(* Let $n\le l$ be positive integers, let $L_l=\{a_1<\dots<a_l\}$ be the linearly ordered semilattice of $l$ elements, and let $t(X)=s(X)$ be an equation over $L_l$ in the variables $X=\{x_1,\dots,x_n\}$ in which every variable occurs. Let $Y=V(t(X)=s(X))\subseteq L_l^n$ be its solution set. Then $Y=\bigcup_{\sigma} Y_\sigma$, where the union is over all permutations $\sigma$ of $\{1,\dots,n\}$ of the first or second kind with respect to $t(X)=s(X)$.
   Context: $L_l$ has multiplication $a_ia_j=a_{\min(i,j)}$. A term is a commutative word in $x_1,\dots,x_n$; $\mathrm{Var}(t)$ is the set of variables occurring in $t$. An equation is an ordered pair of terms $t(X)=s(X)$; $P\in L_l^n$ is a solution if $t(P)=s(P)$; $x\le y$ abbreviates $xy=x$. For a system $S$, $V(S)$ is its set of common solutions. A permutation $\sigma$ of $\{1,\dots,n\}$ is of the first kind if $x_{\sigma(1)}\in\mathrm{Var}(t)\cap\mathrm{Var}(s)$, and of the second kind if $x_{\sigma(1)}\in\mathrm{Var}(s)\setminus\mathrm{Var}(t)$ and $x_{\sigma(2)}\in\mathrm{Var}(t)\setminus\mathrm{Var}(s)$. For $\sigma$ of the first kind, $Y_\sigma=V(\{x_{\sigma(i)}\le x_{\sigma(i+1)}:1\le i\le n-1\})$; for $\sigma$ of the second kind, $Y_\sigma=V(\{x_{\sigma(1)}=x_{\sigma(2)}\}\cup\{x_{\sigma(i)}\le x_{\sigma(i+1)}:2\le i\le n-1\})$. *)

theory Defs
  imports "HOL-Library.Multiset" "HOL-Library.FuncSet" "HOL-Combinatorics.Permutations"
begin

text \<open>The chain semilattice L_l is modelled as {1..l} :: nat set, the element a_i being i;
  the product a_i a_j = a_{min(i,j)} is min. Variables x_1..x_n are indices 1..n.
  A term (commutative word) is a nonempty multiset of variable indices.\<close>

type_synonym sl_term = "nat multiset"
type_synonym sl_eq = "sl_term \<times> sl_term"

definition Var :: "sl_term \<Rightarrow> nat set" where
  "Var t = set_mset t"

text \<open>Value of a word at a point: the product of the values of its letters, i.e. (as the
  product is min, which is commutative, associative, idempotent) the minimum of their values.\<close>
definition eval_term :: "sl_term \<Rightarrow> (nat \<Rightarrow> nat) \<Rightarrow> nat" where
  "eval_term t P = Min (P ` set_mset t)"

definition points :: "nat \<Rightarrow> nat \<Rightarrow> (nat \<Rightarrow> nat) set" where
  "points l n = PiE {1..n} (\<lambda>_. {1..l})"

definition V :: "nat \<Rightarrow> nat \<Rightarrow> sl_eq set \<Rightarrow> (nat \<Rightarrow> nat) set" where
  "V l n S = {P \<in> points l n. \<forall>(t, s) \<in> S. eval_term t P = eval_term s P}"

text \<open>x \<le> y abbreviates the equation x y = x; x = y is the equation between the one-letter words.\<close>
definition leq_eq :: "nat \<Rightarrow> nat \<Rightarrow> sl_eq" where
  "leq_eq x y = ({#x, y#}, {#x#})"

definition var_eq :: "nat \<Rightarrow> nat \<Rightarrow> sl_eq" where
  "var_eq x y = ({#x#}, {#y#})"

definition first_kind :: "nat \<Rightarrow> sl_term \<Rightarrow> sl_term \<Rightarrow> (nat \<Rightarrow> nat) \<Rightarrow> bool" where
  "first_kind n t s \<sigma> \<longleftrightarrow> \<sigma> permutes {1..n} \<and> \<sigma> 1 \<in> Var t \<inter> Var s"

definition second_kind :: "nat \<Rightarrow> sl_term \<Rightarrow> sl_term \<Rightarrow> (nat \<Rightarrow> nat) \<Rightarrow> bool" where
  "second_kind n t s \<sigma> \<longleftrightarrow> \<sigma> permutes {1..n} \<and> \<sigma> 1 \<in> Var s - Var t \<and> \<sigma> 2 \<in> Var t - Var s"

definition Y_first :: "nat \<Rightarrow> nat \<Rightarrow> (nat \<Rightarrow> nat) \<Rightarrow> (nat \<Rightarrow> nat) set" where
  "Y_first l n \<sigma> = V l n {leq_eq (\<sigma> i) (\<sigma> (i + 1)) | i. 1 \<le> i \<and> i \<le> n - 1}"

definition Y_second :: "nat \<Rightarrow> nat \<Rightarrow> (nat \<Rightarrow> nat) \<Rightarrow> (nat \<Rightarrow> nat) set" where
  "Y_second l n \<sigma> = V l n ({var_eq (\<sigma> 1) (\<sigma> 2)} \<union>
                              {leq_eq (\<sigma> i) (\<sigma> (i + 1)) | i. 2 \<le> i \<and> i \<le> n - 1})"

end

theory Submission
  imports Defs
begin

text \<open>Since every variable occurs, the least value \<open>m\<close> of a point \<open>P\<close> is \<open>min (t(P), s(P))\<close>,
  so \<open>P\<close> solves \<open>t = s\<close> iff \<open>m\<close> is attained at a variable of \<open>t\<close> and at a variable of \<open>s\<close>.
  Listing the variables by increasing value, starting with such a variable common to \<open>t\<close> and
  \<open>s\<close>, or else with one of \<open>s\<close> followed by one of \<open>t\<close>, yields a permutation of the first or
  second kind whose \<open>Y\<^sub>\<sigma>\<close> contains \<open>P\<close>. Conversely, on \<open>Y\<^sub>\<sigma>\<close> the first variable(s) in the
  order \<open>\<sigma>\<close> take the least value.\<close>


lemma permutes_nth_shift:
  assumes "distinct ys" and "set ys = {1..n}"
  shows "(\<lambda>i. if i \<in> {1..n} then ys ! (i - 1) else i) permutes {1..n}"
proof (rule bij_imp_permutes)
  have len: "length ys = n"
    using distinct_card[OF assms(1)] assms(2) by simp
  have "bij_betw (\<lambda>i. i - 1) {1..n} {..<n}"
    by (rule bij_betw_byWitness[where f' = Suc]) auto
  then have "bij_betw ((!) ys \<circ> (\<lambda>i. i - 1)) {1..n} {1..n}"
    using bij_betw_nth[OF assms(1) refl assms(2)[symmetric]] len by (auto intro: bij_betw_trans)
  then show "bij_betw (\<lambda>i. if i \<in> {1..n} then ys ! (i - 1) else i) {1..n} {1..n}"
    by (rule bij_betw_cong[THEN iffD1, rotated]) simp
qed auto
_ _ _
■ DIRECTIONS FOR THIS TASK
What you need to do is repeat every record above exactly.

■ WRITTEN REPLY
(* Let $n\le l$ be positive integers, let $L_l=\{a_1<\dots<a_l\}$ be the linearly ordered semilattice of $l$ elements, and let $t(X)=s(X)$ be an equation over $L_l$ in the variables $X=\{x_1,\dots,x_n\}$ in which every variable occurs. Let $Y=V(t(X)=s(X))\subseteq L_l^n$ be its solution set. Then $Y=\bigcup_{\sigma} Y_\sigma$, where the union is over all permutations $\sigma$ of $\{1,\dots,n\}$ of the first or second kind with respect to $t(X)=s(X)$.
   Context: $L_l$ has multiplication $a_ia_j=a_{\min(i,j)}$. A term is a commutative word in $x_1,\dots,x_n$; $\mathrm{Var}(t)$ is the set of variables occurring in $t$. An equation is an ordered pair of terms $t(X)=s(X)$; $P\in L_l^n$ is a solution if $t(P)=s(P)$; $x\le y$ abbreviates $xy=x$. For a system $S$, $V(S)$ is its set of common solutions. A permutation $\sigma$ of $\{1,\dots,n\}$ is of the first kind if $x_{\sigma(1)}\in\mathrm{Var}(t)\cap\mathrm{Var}(s)$, and of the second kind if $x_{\sigma(1)}\in\mathrm{Var}(s)\setminus\mathrm{Var}(t)$ and $x_{\sigma(2)}\in\mathrm{Var}(t)\setminus\mathrm{Var}(s)$. For $\sigma$ of the first kind, $Y_\sigma=V(\{x_{\sigma(i)}\le x_{\sigma(i+1)}:1\le i\le n-1\})$; for $\sigma$ of the second kind, $Y_\sigma=V(\{x_{\sigma(1)}=x_{\sigma(2)}\}\cup\{x_{\sigma(i)}\le x_{\sigma(i+1)}:2\le i\le n-1\})$. *)

theory Defs
  imports "HOL-Library.Multiset" "HOL-Library.FuncSet" "HOL-Combinatorics.Permutations"
begin

text \<open>The chain semilattice L_l is modelled as {1..l} :: nat set, the element a_i being i;
  the product a_i a_j = a_{min(i,j)} is min. Variables x_1..x_n are indices 1..n.
  A term (commutative word) is a nonempty multiset of variable indices.\<close>

type_synonym sl_term = "nat multiset"
type_synonym sl_eq = "sl_term \<times> sl_term"

definition Var :: "sl_term \<Rightarrow> nat set" where
  "Var t = set_mset t"

text \<open>Value of a word at a point: the product of the values of its letters, i.e. (as the
  product is min, which is commutative, associative, idempotent) the minimum of their values.\<close>
definition eval_term :: "sl_term \<Rightarrow> (nat \<Rightarrow> nat) \<Rightarrow> nat" where
  "eval_term t P = Min (P ` set_mset t)"

definition points :: "nat \<Rightarrow> nat \<Rightarrow> (nat \<Rightarrow> nat) set" where
  "points l n = PiE {1..n} (\<lambda>_. {1..l})"

definition V :: "nat \<Rightarrow> nat \<Rightarrow> sl_eq set \<Rightarrow> (nat \<Rightarrow> nat) set" where
  "V l n S = {P \<in> points l n. \<forall>(t, s) \<in> S. eval_term t P = eval_term s P}"

text \<open>x \<le> y abbreviates the equation x y = x; x = y is the equation between the one-letter words.\<close>
definition leq_eq :: "nat \<Rightarrow> nat \<Rightarrow> sl_eq" where
  "leq_eq x y = ({#x, y#}, {#x#})"

definition var_eq :: "nat \<Rightarrow> nat \<Rightarrow> sl_eq" where
  "var_eq x y = ({#x#}, {#y#})"

definition first_kind :: "nat \<Rightarrow> sl_term \<Rightarrow> sl_term \<Rightarrow> (nat \<Rightarrow> nat) \<Rightarrow> bool" where
  "first_kind n t s \<sigma> \<longleftrightarrow> \<sigma> permutes {1..n} \<and> \<sigma> 1 \<in> Var t \<inter> Var s"

definition second_kind :: "nat \<Rightarrow> sl_term \<Rightarrow> sl_term \<Rightarrow> (nat \<Rightarrow> nat) \<Rightarrow> bool" where
  "second_kind n t s \<sigma> \<longleftrightarrow> \<sigma> permutes {1..n} \<and> \<sigma> 1 \<in> Var s - Var t \<and> \<sigma> 2 \<in> Var t - Var s"

definition Y_first :: "nat \<Rightarrow> nat \<Rightarrow> (nat \<Rightarrow> nat) \<Rightarrow> (nat \<Rightarrow> nat) set" where
  "Y_first l n \<sigma> = V l n {leq_eq (\<sigma> i) (\<sigma> (i + 1)) | i. 1 \<le> i \<and> i \<le> n - 1}"

definition Y_second :: "nat \<Rightarrow> nat \<Rightarrow> (nat \<Rightarrow> nat) \<Rightarrow> (nat \<Rightarrow> nat) set" where
  "Y_second l n \<sigma> = V l n ({var_eq (\<sigma> 1) (\<sigma> 2)} \<union>
                              {leq_eq (\<sigma> i) (\<sigma> (i + 1)) | i. 2 \<le> i \<and> i \<le> n - 1})"

end

theory Submission
  imports Defs
begin

text \<open>Since every variable occurs, the least value \<open>m\<close> of a point \<open>P\<close> is \<open>min (t(P), s(P))\<close>,
  so \<open>P\<close> solves \<open>t = s\<close> iff \<open>m\<close> is attained at a variable of \<open>t\<close> and at a variable of \<open>s\<close>.
  Listing the variables by increasing value, starting with such a variable common to \<open>t\<close> and
  \<open>s\<close>, or else with one of \<open>s\<close> followed by one of \<open>t\<close>, yields a permutation of the first or
  second kind whose \<open>Y\<^sub>\<sigma>\<close> contains \<open>P\<close>. Conversely, on \<open>Y\<^sub>\<sigma>\<close> the first variable(s) in the
  order \<open>\<sigma>\<close> take the least value.\<close>


lemma permutes_nth_shift:
  assumes "distinct ys" and "set ys = {1..n}"
  shows "(\<lambda>i. if i \<in> {1..n} then ys ! (i - 1) else i) permutes {1..n}"
proof (rule bij_imp_permutes)
  have len: "length ys = n"
    using distinct_card[OF assms(1)] assms(2) by simp
  have "bij_betw (\<lambda>i. i - 1) {1..n} {..<n}"
    by (rule bij_betw_byWitness[where f' = Suc]) auto
  then have "bij_betw ((!) ys \<circ> (\<lambda>i. i - 1)) {1..n} {1..n}"
    using bij_betw_nth[OF assms(1) refl assms(2)[symmetric]] len by (auto intro: bij_betw_trans)
  then show "bij_betw (\<lambda>i. if i \<in> {1..n} then ys ! (i - 1) else i) {1..n} {1..n}"
    by (rule bij_betw_cong[THEN iffD1, rotated]) simp
qed auto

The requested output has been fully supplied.